When a tool requires approval, the SDK does not emit it as a stream event; instead, it pauses the run and adds a `ToolApprovalItem` to `result.interruptions`. After the stream ends, check `result.interruptions`, convert the run to a resumable state with `state = result.to_state()`, then call `state.approve(interruption)` or `state.reject(interruption)` based on user input. Finally, resume by passing the updated state back into `Runner.run_streamed(agent, state)`.

### Why are some tool call events missing from the stream?

The internal function `stream_step_items_to_queue` in [`src/agents/run_internal/streaming.py`](https://github.com/openai/openai-agents-python/blob/main/src/agents/run_internal/streaming.py) deliberately skips `ToolApprovalItem` instances because these represent interruptions requiring external input rather than streamable progress. If you expect a tool call but do not see it in `stream_events()`, check `result.interruptions` instead. This design ensures that streaming consumers only receive definitive actions while pending approvals are handled separately.

### How do I resume a streamed run after an interruption?

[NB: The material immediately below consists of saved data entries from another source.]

definition rho_e :: "('g \<Rightarrow> 'd \<Rightarrow> 'd) \<Rightarrow> 'g \<Rightarrow> ('d \<Rightarrow> real) \<Rightarrow> ('d \<Rightarrow> real)" where
  "rho_e \<phi> \<gamma> p = p \<circ> \<phi> \<gamma>"

definition endo_action :: "('g::monoid_mult \<Rightarrow> 'd::ab_group_add \<Rightarrow> 'd) \<Rightarrow> bool" where
  "endo_action \<phi> \<longleftrightarrow> (\<forall>\<gamma>. additive_endo (\<phi> \<gamma>))
     \<and> (\<forall>\<gamma>1 \<gamma>2. rho \<phi> (\<gamma>1 * \<gamma>2) = rho \<phi> \<gamma>1 \<circ> rho \<phi> \<gamma>2)
     \<and> \<phi> 1 = id"

definition rho_basis :: "('g \<Rightarrow> 'd::ab_group_add \<Rightarrow> 'd) \<Rightarrow> 'd set \<Rightarrow> bool" where
  "rho_basis \<phi> A \<longleftrightarrow> gen_subgroup A = UNIV \<and>
     (\<exists>F. finite F \<and> A = (\<Union>\<gamma>. \<phi> \<gamma> ` F))"

definition delta :: "complex \<Rightarrow> real" where
  "delta z = Inf {\<bar>t\<bar> | t::real. exp (2 * pi * \<i> * complex_of_real t) = z}"

text \<open>\<open>sup_{x\<in>A} f \<chi> < r\<close> written out as: some s < r bounds all values.\<close>
definition B_A :: "'d set \<Rightarrow> real \<Rightarrow> ('d::ab_group_add \<Rightarrow> complex) set" where
  "B_A A r = {g \<in> solenoid. \<exists>s<r. \<forall>x\<in>A. delta (g x) \<le> s}"

definition B_star_A :: "'d set \<Rightarrow> real \<Rightarrow> ('d::ab_group_add \<Rightarrow> real) set" where
  "B_star_A A r = {p \<in> LG. \<exists>s<r. \<forall>x\<in>A. \<bar>p x\<bar> \<le> s}"

definition expansive :: "('g \<Rightarrow> 'd::ab_group_add \<Rightarrow> 'd) \<Rightarrow> bool" where
  "expansive \<phi> \<longleftrightarrow> (\<exists>U. openin sol_top U \<and> sol_id \<in> U \<and>
     (\<Inter>\<gamma>. {g \<in> solenoid. rho \<phi> \<gamma> g \<in> U}) = {sol_id})"

text \<open>Boundedness in the finite-dimensional space L(G) (product topology on \<open>\<real>^{\<widehat>G}\<close>):
  coordinatewise boundedness.\<close>
definition bounded_orbit :: "('g \<Rightarrow> 'd::ab_group_add \<Rightarrow> 'd) \<Rightarrow> ('d \<Rightarrow> real) \<Rightarrow> bool" where
  "bounded_orbit \<phi> p \<longleftrightarrow> (\<forall>x. \<exists>M. \<forall>\<gamma>. \<bar>rho_e \<phi> \<gamma> p x\<bar> \<le> M)"

end

theory Submission
  imports Defs
begin

text \<open>For a character g of the dual group, x \<mapsto> delta (g x) is a group seminorm on the dual,
  and so is x \<mapsto> |p x| for p \<in> L(G). If N is any group seminorm bounded by s on A, then
  N x \<le> L(x) s for every x in the group generated by A, with L(x) depending only on x (the
  length of a word for x). As A is invariant under the dual action, the same bound holds along the
  whole orbit of x. Hence smallness on A controls every orbit of finitely many coordinates, which is
  all a neighbourhood of the identity in the product topology sees; conversely, A is the orbit of a
  finite set F, and a neighbourhood defined by finitely many coordinates in F controls all of A.\<close>

lemma delta_le_abs:
  assumes "exp (2 * pi * \<i> * complex_of_real t) = z"
  shows "delta z \<le> \<bar>t\<bar>"
  unfolding delta_def using assms by (intro cInf_lower) (auto intro: bdd_belowI[where m = 0])

lemma exp_2pi_eq_imp_int_diff:
  fixes t u :: real
  assumes "exp (2 * pi * \<i> * complex_of_real t) = exp (2 * pi * \<i> * complex_of_real u)"
  obtains n :: int where "t = u + of_int n"
proof -
  obtain n :: int where
    "2 * pi * \<i> * complex_of_real t = 2 * pi * \<i> * complex_of_real u + (of_int (2 * n) * pi) * \<i>"
    using assms exp_eq by blast
  from arg_cong[where f = Im, OF this] have "2 * pi * t = 2 * pi * (u + n)"
    by (simp add: algebra_simps)
  then show thesis using that by simp
qed

lemma delta_attained:
  assumes "cmod z = 1"
  obtains t where "exp (2 * pi * \<i> * complex_of_real t) = z" "\<bar>t\<bar> \<le> 1/2" "delta z = \<bar>t\<bar>"
proof -
  define t where "t = Arg z / (2 * pi)"
  have z: "exp (2 * pi * \<i> * complex_of_real t) = z"
    using Arg_eq[of z] assms by (fastforce simp: t_def mult_ac)
  have t: "\<bar>t\<bar> \<le> 1/2"
    using mpi_less_Arg[of z] Arg_le_pi[of z] by (auto simp: t_def abs_le_iff field_simps)
  have "\<bar>t\<bar> \<le> \<bar>u\<bar>" if "exp (2 * pi * \<i> * complex_of_real u) = z" for u
  proof -
    have "exp (2 * pi * \<i> * complex_of_real u) = exp (2 * pi * \<i> * complex_of_real t)"
      using that z by simp
    then obtain n :: int where "u = t + of_int n"
      by (rule exp_2pi_eq_imp_int_diff)
    moreover have "n = 0 \<or> \<bar>real_of_int n\<bar> \<ge> 1" by linarith
    ultimately show ?thesis using t by auto
  qed
  then have "delta z = \<bar>t\<bar>"
    unfolding delta_def using z by (intro cInf_eq_minimum) auto
  with z t that show thesis by blast
qed

lemma delta_one: "delta 1 = 0"
  using delta_le_abs[of 0 1] delta_attained[of 1] by fastforce

lemma delta_divide_le:
  assumes "cmod z = 1" "cmod w = 1"
  shows "delta (z / w) \<le> delta z + delta w"
proof -
  obtain t u where t: "exp (2 * pi * \<i> * complex_of_real t) = z" "delta z = \<bar>t\<bar>"
    and u: "exp (2 * pi * \<i> * complex_of_real u) = w" "delta w = \<bar>u\<bar>"
    using delta_attained[OF assms(1)] delta_attained[OF assms(2)] by metis
  have "exp (2 * pi * \<i> * complex_of_real (t - u)) = z / w"
    using t u by (simp add: algebra_simps exp_diff)
  then have "delta (z / w) \<le> \<bar>t - u\<bar>" by (rule delta_le_abs)
  with t u show ?thesis by linarith
qed

lemma norm_minus_one_le_delta:
  assumes "cmod z = 1"
  shows "cmod (z - 1) \<le> 2 * pi * delta z"
proof -
  obtain t where t: "exp (2 * pi * \<i> * complex_of_real t) = z" "delta z = \<bar>t\<bar>"
    using delta_attained[OF assms] by blast
  have "cmod (z - 1) = 2 * \<bar>sin (2 * pi * t / 2)\<bar>"
    using dist_exp_i_1[of "2 * pi * t"] t by (simp add: mult_ac)
  also have "\<dots> \<le> 2 * \<bar>2 * pi * t / 2\<bar>" using abs_sin_x_le_abs_x by simp
  also have "\<dots> = 2 * pi * delta z" using t by (simp add: abs_mult)
  finally show ?thesis .
qed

After processing interruptions, convert the completed run into a serializable state using `state = result.to_state()`. This state object captures the conversation history, pending tool calls, and agent context. Update the state by calling `state.approve(interruption)` or `state.reject(interruption)` for each interruption, then pass the modified state as the input to a new `Runner.run_streamed(agent, state)` call. The runner will automatically restore context and continue processing from where it left off.